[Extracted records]

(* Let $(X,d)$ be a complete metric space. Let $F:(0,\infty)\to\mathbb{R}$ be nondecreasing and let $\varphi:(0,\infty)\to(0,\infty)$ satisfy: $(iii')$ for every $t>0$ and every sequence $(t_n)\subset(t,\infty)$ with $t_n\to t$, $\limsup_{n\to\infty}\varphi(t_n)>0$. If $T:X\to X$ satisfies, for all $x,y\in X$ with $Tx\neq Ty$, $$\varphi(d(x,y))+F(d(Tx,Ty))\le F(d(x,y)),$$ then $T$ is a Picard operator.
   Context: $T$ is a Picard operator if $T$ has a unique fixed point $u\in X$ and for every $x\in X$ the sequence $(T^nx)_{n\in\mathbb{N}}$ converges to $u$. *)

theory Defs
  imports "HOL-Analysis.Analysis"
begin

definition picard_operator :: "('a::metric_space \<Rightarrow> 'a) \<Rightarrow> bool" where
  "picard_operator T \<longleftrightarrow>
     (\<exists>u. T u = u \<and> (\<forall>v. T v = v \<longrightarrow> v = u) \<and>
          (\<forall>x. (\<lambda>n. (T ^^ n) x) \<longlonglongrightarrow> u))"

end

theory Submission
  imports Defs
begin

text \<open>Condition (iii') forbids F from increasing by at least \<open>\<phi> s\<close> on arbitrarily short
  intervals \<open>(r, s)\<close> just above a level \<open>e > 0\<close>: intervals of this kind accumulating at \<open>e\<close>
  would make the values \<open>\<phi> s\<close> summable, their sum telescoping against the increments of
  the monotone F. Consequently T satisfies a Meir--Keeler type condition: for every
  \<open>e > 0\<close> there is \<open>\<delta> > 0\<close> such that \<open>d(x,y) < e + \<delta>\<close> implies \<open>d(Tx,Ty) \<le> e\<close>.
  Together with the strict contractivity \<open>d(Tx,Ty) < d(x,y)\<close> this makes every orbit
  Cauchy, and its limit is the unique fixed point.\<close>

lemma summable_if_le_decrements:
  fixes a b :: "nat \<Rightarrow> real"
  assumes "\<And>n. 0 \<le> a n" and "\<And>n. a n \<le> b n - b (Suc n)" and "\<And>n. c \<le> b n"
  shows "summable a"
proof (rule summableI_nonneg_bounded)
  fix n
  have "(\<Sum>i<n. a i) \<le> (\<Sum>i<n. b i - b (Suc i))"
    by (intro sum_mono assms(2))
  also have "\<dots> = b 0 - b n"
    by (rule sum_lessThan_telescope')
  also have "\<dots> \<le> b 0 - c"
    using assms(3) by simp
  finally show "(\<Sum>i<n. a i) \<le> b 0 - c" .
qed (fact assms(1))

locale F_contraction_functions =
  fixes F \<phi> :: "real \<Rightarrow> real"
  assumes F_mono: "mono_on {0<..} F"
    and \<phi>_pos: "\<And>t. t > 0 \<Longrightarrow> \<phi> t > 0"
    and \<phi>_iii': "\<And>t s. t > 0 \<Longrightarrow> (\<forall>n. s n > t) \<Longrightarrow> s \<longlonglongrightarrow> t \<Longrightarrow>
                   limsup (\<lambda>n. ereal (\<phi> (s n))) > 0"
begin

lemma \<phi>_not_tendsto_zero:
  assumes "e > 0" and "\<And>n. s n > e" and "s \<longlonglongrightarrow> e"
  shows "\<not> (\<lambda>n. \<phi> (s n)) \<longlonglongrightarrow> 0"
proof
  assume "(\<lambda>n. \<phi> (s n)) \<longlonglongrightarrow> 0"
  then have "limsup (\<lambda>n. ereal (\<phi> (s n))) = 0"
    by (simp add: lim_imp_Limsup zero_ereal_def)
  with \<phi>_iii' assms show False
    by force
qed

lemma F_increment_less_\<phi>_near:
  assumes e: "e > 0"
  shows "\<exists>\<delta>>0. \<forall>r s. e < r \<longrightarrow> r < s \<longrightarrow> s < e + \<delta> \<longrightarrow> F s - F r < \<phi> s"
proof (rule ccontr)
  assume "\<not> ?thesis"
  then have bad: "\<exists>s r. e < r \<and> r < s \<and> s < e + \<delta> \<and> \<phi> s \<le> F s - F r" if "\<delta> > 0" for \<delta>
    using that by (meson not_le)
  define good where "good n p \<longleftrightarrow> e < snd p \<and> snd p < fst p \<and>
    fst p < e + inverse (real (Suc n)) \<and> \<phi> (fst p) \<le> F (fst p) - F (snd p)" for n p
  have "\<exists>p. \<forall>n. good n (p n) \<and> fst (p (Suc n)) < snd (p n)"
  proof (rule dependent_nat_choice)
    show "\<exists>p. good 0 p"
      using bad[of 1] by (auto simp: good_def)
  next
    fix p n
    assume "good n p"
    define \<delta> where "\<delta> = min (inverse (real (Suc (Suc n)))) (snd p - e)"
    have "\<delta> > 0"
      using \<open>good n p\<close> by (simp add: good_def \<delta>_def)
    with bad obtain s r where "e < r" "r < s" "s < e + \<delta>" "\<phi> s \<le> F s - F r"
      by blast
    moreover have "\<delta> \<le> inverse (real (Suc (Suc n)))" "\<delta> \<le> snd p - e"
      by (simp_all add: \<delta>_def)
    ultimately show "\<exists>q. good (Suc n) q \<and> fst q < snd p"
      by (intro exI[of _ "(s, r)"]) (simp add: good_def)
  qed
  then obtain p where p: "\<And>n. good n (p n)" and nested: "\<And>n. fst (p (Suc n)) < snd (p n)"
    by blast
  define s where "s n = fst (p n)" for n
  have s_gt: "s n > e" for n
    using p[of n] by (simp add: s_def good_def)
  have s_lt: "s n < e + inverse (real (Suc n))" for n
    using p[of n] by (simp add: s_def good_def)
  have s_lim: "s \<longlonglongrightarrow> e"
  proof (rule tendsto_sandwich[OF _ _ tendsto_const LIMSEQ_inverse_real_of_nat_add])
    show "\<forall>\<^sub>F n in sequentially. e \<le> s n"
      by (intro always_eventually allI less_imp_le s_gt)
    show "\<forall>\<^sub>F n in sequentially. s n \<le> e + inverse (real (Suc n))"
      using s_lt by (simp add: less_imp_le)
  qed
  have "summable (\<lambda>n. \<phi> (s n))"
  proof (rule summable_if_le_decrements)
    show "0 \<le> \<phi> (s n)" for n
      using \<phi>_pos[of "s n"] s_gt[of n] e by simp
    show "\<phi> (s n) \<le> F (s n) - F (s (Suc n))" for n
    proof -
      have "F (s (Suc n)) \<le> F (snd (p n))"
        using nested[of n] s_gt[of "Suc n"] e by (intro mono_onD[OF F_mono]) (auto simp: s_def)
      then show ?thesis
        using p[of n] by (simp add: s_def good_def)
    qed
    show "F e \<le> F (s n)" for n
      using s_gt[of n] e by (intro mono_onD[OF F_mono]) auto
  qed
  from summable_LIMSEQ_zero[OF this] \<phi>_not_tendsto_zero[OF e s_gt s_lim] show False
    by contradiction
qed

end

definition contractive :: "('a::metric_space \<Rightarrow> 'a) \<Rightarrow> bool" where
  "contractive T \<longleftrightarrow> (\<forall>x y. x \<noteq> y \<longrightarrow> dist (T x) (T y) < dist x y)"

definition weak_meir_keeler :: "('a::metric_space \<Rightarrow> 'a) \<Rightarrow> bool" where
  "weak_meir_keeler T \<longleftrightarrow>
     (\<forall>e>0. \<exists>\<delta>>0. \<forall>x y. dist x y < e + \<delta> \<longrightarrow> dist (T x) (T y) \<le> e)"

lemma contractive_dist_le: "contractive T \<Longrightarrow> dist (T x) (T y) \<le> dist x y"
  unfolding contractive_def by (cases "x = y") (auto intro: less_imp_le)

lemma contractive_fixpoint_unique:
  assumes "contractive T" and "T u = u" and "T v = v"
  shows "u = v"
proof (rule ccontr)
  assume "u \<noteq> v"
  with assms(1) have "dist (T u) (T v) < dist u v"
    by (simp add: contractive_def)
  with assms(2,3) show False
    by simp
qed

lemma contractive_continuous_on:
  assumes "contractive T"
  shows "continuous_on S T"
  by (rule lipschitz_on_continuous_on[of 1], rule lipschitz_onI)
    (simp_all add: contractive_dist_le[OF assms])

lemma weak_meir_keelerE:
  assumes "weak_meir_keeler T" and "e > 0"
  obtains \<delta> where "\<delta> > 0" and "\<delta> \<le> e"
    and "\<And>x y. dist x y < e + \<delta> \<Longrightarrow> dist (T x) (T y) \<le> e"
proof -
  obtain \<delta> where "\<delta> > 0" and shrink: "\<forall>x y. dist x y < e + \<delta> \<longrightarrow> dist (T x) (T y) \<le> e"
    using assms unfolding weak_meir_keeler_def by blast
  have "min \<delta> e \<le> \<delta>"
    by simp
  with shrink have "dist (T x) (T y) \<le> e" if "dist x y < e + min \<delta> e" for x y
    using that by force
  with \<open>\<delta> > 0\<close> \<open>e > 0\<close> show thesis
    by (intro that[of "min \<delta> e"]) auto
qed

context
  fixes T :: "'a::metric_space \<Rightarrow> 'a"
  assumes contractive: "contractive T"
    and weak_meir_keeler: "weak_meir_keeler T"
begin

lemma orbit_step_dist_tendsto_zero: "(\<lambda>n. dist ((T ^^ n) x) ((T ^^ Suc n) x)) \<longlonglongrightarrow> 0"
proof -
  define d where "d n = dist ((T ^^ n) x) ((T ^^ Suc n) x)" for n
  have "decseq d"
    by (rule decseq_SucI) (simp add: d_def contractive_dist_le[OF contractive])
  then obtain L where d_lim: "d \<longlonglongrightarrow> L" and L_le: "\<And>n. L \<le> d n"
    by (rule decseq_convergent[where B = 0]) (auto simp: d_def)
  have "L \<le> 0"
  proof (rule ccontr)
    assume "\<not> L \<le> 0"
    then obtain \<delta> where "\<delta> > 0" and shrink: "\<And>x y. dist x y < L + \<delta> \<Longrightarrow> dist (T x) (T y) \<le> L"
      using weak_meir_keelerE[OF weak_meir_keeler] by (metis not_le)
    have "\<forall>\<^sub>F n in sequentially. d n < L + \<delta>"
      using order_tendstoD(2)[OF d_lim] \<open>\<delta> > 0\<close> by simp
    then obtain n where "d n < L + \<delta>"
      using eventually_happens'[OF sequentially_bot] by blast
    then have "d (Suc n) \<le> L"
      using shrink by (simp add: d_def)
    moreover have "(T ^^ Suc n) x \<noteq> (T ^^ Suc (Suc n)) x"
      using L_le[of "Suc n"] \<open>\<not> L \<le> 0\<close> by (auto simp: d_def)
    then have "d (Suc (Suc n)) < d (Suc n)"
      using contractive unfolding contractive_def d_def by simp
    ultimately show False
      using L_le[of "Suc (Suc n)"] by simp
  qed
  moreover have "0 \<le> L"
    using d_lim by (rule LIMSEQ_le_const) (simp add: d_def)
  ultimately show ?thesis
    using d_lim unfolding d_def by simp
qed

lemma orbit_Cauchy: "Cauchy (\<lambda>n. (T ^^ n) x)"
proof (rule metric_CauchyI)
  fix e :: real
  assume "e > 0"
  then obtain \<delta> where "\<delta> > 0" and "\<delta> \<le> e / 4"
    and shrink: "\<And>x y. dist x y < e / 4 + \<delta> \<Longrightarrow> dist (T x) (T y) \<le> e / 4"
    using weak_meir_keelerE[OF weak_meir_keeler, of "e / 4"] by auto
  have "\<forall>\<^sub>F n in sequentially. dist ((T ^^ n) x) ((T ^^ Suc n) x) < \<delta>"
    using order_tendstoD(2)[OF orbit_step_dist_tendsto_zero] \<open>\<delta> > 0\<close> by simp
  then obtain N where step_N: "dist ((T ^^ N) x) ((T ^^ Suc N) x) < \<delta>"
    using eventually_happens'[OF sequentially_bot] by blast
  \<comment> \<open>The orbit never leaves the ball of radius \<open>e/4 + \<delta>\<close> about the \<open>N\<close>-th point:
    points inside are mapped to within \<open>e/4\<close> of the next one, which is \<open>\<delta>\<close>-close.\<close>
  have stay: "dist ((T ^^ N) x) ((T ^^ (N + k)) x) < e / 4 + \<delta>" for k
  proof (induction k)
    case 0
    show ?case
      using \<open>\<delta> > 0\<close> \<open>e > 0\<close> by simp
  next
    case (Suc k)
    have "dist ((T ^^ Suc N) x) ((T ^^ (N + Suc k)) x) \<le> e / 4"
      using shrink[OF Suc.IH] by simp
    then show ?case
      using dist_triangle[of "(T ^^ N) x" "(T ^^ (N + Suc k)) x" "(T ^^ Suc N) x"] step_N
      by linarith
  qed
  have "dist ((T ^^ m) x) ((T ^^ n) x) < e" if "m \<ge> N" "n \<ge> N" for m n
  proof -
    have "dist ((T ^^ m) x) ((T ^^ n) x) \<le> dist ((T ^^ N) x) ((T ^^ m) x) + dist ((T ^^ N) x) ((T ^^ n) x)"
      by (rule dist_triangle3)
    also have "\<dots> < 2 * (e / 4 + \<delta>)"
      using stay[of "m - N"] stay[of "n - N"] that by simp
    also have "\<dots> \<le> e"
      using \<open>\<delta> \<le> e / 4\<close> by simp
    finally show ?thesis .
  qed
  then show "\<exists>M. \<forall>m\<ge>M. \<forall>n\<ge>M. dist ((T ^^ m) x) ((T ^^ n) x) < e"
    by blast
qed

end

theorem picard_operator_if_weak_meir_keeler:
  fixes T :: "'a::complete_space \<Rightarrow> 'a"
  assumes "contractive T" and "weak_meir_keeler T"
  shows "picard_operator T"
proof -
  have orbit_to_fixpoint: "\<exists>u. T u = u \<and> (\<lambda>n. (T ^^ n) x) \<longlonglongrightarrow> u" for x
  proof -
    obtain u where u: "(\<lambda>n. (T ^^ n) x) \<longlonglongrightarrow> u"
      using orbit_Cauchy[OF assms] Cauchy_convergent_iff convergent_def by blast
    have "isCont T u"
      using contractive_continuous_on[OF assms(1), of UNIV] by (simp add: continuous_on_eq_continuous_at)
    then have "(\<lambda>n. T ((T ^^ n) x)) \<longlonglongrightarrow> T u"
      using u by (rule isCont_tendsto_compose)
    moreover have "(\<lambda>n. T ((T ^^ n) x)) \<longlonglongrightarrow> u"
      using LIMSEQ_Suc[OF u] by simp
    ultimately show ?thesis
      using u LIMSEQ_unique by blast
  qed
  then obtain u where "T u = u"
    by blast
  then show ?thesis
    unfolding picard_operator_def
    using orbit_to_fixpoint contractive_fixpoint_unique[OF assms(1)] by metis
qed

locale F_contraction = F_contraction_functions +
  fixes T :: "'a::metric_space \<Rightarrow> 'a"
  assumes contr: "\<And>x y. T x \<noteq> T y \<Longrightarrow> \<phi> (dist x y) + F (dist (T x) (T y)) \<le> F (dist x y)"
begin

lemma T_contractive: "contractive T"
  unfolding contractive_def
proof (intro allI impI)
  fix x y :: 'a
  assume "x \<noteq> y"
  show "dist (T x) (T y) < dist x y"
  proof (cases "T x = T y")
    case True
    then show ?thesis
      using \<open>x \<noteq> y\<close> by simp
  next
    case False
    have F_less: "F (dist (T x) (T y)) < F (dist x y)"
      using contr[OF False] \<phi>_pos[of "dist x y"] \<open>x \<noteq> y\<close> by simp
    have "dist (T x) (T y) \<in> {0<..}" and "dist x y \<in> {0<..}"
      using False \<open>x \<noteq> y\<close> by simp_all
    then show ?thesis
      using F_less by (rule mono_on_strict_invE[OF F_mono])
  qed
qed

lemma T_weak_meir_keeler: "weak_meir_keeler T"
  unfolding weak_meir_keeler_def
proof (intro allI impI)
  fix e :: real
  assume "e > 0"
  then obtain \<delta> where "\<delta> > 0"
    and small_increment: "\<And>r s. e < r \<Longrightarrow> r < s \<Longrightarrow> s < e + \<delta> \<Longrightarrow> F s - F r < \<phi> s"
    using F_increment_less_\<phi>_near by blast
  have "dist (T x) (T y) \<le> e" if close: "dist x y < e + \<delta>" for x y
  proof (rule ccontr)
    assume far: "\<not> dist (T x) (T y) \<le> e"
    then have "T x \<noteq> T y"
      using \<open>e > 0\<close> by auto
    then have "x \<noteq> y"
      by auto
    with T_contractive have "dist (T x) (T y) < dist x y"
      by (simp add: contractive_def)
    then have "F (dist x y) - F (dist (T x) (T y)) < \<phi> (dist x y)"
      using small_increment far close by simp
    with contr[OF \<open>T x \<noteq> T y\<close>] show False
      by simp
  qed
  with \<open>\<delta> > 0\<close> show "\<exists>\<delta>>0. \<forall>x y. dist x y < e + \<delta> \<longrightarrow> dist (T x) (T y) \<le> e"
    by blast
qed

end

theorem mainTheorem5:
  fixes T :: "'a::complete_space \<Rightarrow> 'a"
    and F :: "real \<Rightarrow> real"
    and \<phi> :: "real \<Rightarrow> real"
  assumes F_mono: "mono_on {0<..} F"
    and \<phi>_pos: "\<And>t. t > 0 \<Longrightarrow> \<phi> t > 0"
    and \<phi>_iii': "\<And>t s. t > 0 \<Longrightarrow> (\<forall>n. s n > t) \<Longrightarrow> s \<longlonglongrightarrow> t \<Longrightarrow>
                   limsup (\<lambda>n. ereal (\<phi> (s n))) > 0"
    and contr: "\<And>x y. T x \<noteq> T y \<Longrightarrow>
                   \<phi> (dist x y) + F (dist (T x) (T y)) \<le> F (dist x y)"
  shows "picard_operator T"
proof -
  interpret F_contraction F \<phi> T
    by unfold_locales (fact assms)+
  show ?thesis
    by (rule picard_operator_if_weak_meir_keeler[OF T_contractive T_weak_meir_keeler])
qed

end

_PROBLEM TO WORK ON:_
What is needed is an exact copy of the entries from their first line down to the line with "text \<open>Condition (iii')", that line included, and nothing beyond it.

_FINISHED TASK:_
(* Let $(X,d)$ be a complete metric space. Let $F:(0,\infty)\to\mathbb{R}$ be nondecreasing and let $\varphi:(0,\infty)\to(0,\infty)$ satisfy: $(iii')$ for every $t>0$ and every sequence $(t_n)\subset(t,\infty)$ with $t_n\to t$, $\limsup_{n\to\infty}\varphi(t_n)>0$. If $T:X\to X$ satisfies, for all $x,y\in X$ with $Tx\neq Ty$, $$\varphi(d(x,y))+F(d(Tx,Ty))\le F(d(x,y)),$$ then $T$ is a Picard operator.
   Context: $T$ is a Picard operator if $T$ has a unique fixed point $u\in X$ and for every $x\in X$ the sequence $(T^nx)_{n\in\mathbb{N}}$ converges to $u$. *)

theory Defs
  imports "HOL-Analysis.Analysis"
begin

definition picard_operator :: "('a::metric_space \<Rightarrow> 'a) \<Rightarrow> bool" where
  "picard_operator T \<longleftrightarrow>
     (\<exists>u. T u = u \<and> (\<forall>v. T v = v \<longrightarrow> v = u) \<and>
          (\<forall>x. (\<lambda>n. (T ^^ n) x) \<longlonglongrightarrow> u))"

end

theory Submission
  imports Defs
begin

text \<open>Condition (iii') forbids F from increasing by at least \<open>\<phi> s\<close> on arbitrarily short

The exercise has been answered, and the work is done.